In truth, however, the creation of the band began in 1982 when guitarist and musicologist Ben Mandelson, also known as Hijaz Mustapha, and Uncle Patrel, also known as Lu Edmonds, started playing together, along with Patrel's other "nephews", namely Houzam, Isfa'ani, Oussack and Niaveti III. Before world music became a genre, they were already playing musical styles from all around the globe. According to band members the first concert was held in a London restaurant that year. The early 3M3 line-up was noticed by BBC Radio 1's John Peel, for whom they recorded several Peel Session broadcasts. A concert in Berlin followed, and two mini-albums were subsequently released, but their first full-length album, Shopping, was not recorded until 1987. The album covered a wide array of genres also including a cover of Moroccan Najat Aatabou's "Shouffi Rhirou". By then Oussack had left the band, but bassist Sabah Habas Mustapha, who may in fact be Colin Bass, and accordionist Kemo Mustapha had joined.

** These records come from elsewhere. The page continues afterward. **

lemma (in prob_space) variance_bump_ge:
  fixes f :: "'v::real_normed_vector \<Rightarrow> real" and X :: "'a \<Rightarrow> 'v"
  assumes [measurable]: "X \<in> borel_measurable M" "f \<in> borel_measurable borel"
    and bounded: "\<And>y. \<bar>f y\<bar> \<le> B" and a: "0 < a" "4 * a \<le> \<bar>f x0\<bar>"
    and near: "\<And>y. norm (y - x0) \<le> 2 * \<delta> \<Longrightarrow> \<bar>f y - f x0\<bar> \<le> a"
    and far: "\<And>y. R \<le> norm y \<Longrightarrow> \<bar>f y\<bar> \<le> a"
    and u: "norm (u - x0) \<le> \<delta>" and r: "0 < r" and \<eta>: "R + norm x0 + \<delta> \<le> \<eta>"
  shows "a\<^sup>2 * min (prob {\<omega> \<in> space M. norm (X \<omega>) \<le> \<delta> * r}) (prob {\<omega> \<in> space M. \<eta> * r \<le> norm (X \<omega>)})
    \<le> variance (\<lambda>\<omega>. f (u + (1 / r) *\<^sub>R X \<omega>))"
proof (rule variance_ge_two_events[where v="f x0"])
  fix \<omega> assume "\<omega> \<in> {\<omega> \<in> space M. norm (X \<omega>) \<le> \<delta> * r}"
  then have "norm ((1 / r) *\<^sub>R X \<omega>) \<le> \<delta>"
    using r by (simp add: divide_le_eq mult.commute)
  then have "norm (u + (1 / r) *\<^sub>R X \<omega> - x0) \<le> 2 * \<delta>"
    using u norm_triangle_ineq[of "u - x0" "(1 / r) *\<^sub>R X \<omega>"] by (simp add: algebra_simps)
  then show "\<bar>f (u + (1 / r) *\<^sub>R X \<omega>) - f x0\<bar> \<le> a"
    by (rule near)
next
  fix \<omega> assume "\<omega> \<in> {\<omega> \<in> space M. \<eta> * r \<le> norm (X \<omega>)}"
  then have "\<eta> \<le> norm ((1 / r) *\<^sub>R X \<omega>)"
    using r by (simp add: le_divide_eq mult.commute)
  moreover have "norm u \<le> norm x0 + \<delta>"
    using u norm_triangle_ineq2[of u x0] by linarith
  ultimately have "R \<le> norm (u + (1 / r) *\<^sub>R X \<omega>)"
    using \<eta> norm_triangle_ineq2[of "(1 / r) *\<^sub>R X \<omega>" "- u"] by (simp add: algebra_simps)
  then show "\<bar>f (u + (1 / r) *\<^sub>R X \<omega>)\<bar> \<le> a"
    by (rule far)
qed (use bounded a in auto)

lemma (in prob_space) eventually_prob_norm_le:
  fixes X :: "'a \<Rightarrow> 'v::real_normed_vector"
  assumes [measurable]: "X \<in> borel_measurable M" and "p < 1"
  shows "\<forall>\<^sub>F R in at_top. p < prob {\<omega> \<in> space M. norm (X \<omega>) \<le> R}"
proof -
  interpret D: real_distribution "distr M borel (\<lambda>\<omega>. norm (X \<omega>))"
    by (rule real_distribution_distr) simp
  have "cdf (distr M borel (\<lambda>\<omega>. norm (X \<omega>))) R = prob {\<omega> \<in> space M. norm (X \<omega>) \<le> R}" for R
    unfolding cdf_def by (subst measure_distr) (auto intro!: arg_cong[where f=prob])
  then show ?thesis
    using order_tendstoD(1)[OF D.cdf_lim_at_top_prob \<open>p < 1\<close>] by simp
qed
(* The two forms differ by
     a1(u,v) - a2(u,v) = ((mu1^-1 - mu2^-1) D u, D v)_H0 - ((eps1 - eps2) u, v)_H0,
   so |a1(u,v) - a2(u,v)| <= d ||u||_H ||v||_H with d = ||mu1^-1 - mu2^-1|| + ||eps1 - eps2||,
   and the smallness hypothesis says d <= g/2 for the discrete inf-sup constant
   g = 1/(C1 ||A1^-1||) of a1.  Hence a2 satisfies a discrete inf-sup condition with constant
   g - d >= g/2, which makes A2 injective and therefore invertible.
   The Galerkin matrices represent the forms, (A_l V, W)_2 = a_l(u_V, u_W) with
   u_V = sum_j V_j phi_j, so X = (I - A2^-1 A1) V is characterised by
   a2(u_X, .) = (a2 - a1)(u_V, .) on H_N, and the inf-sup condition for a2 bounds
   ||X||_D = ||u_X||_H by (2d/g) ||V||_D.  The bound for I - A1 A2^-1 in the D^-1 norm is the
   dual argument, based on |(W, V)_2| <= ||W||_{D^-1} ||V||_D.  If mu1 = mu2, the difference
   of the forms is controlled by the H0 norm alone, which m_- and m_+ compare with the
   Euclidean norm of the coefficient vectors. *)

lemma quadratic_nonneg_imp_cauchy_schwarz:
  fixes sxx sxy syy :: complex
  assumes nonneg: "\<And>c. 0 \<le> Re sxx + 2 * Re (cnj c * sxy) + (cmod c)\<^sup>2 * Re syy"
    and syy: "0 \<le> Re syy"
  shows "(cmod sxy)\<^sup>2 \<le> Re sxx * Re syy"
proof -
  have sq: "cnj sxy * sxy = of_real ((cmod sxy)\<^sup>2)"
    using complex_norm_square[of sxy] by (simp add: mult.commute)
  show ?thesis
  proof (cases "Re syy = 0")
    case True
    show ?thesis
    proof (rule ccontr)
      assume "\<not> ?thesis"
      then have pos: "(cmod sxy)\<^sup>2 > 0" using True by simp
      define t where "t = (Re sxx + 1) / (2 * (cmod sxy)\<^sup>2)"
      have "Re (cnj (- of_real t * sxy) * sxy) = - t * (cmod sxy)\<^sup>2"
        using sq by (simp add: mult.assoc)
      then have "0 \<le> Re sxx - 2 * t * (cmod sxy)\<^sup>2"
        using nonneg[of "- of_real t * sxy"] True by simp
      moreover have "2 * t * (cmod sxy)\<^sup>2 = Re sxx + 1"
        using pos unfolding t_def by (simp add: field_simps)
      ultimately show False by simp
    qed
  next
    case False
    then have pos: "Re syy > 0" using syy by simp
    define c where "c = - sxy / of_real (Re syy)"
    have "cnj c * sxy = - (cnj sxy * sxy) / of_real (Re syy)"
      unfolding c_def by simp
    then have lin: "Re (cnj c * sxy) = - (cmod sxy)\<^sup>2 / Re syy"
      unfolding sq by (simp add: Re_divide_of_real)
    have quad: "(cmod c)\<^sup>2 = (cmod sxy)\<^sup>2 / (Re syy)\<^sup>2"
      unfolding c_def using pos by (simp add: norm_divide power_divide)
    have "0 \<le> Re sxx - (cmod sxy)\<^sup>2 / Re syy"
      using nonneg[of c] unfolding lin quad using pos by (simp add: power2_eq_square field_simps)
    then show ?thesis using pos by (simp add: field_simps)
  qed
qed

Their second full-length album, Heart of Uncle, was released in 1989 and showed Middle Eastern, Mediterranean, Irish and Latin American influence. Soup of the Century, released in 1990, was their most acclaimed success. With tracks ranging from a country song in Japanese to a Mexican traditional sung in Hindi, and going through a mix of Irish, Scottish, Greek, Albanian, klezmer and many more styles, the Mustaphas broke many barriers separating ethnic music styles.

Daoudi joined during the recording and performed woodwinds. The Mustaphas had also been assisted on occasions by Lavra Tima Daviz on vocals and Expen$ive on trumpet, while guests Israeli singer Ofra Haza, and kora players Dembo Konte and Kausu Kuyateh from The Gambia and Senegal respectively have played alongside them in the 1980s.

The band toured extensively in Europe, Scandinavia, Japan, the United States and Canada, playing clubs and international festivals (Moers, Glastonbury, Winnipeg).

A final album, Friends, Fiends & Fronds was released in 1991, containing non-album singles, remixes and two new recordings. By the end of the year the band was no longer playing together. Sabah Habas pursued a solo career, releasing albums as Colin Bass, or performing with his band Camel as well as the Jugala Allstars from Indonesia, and Hijaz became a producer. The two were featured, together with Houzam, in an album from Zimbabwean artist Stella Chiweshe. Between 1988 and 1992, Hijaz, Houzam and Sabah Habas worked together on further recording projects with renowned artists from the World Music scene: Tarika Sammy (Madagascar), Rinken Band (Okinawa), Dembo Konte & Kausu Kuyateh (The Gambia). Oussack (Ray Cooper) joined Oysterband under the name Chopper.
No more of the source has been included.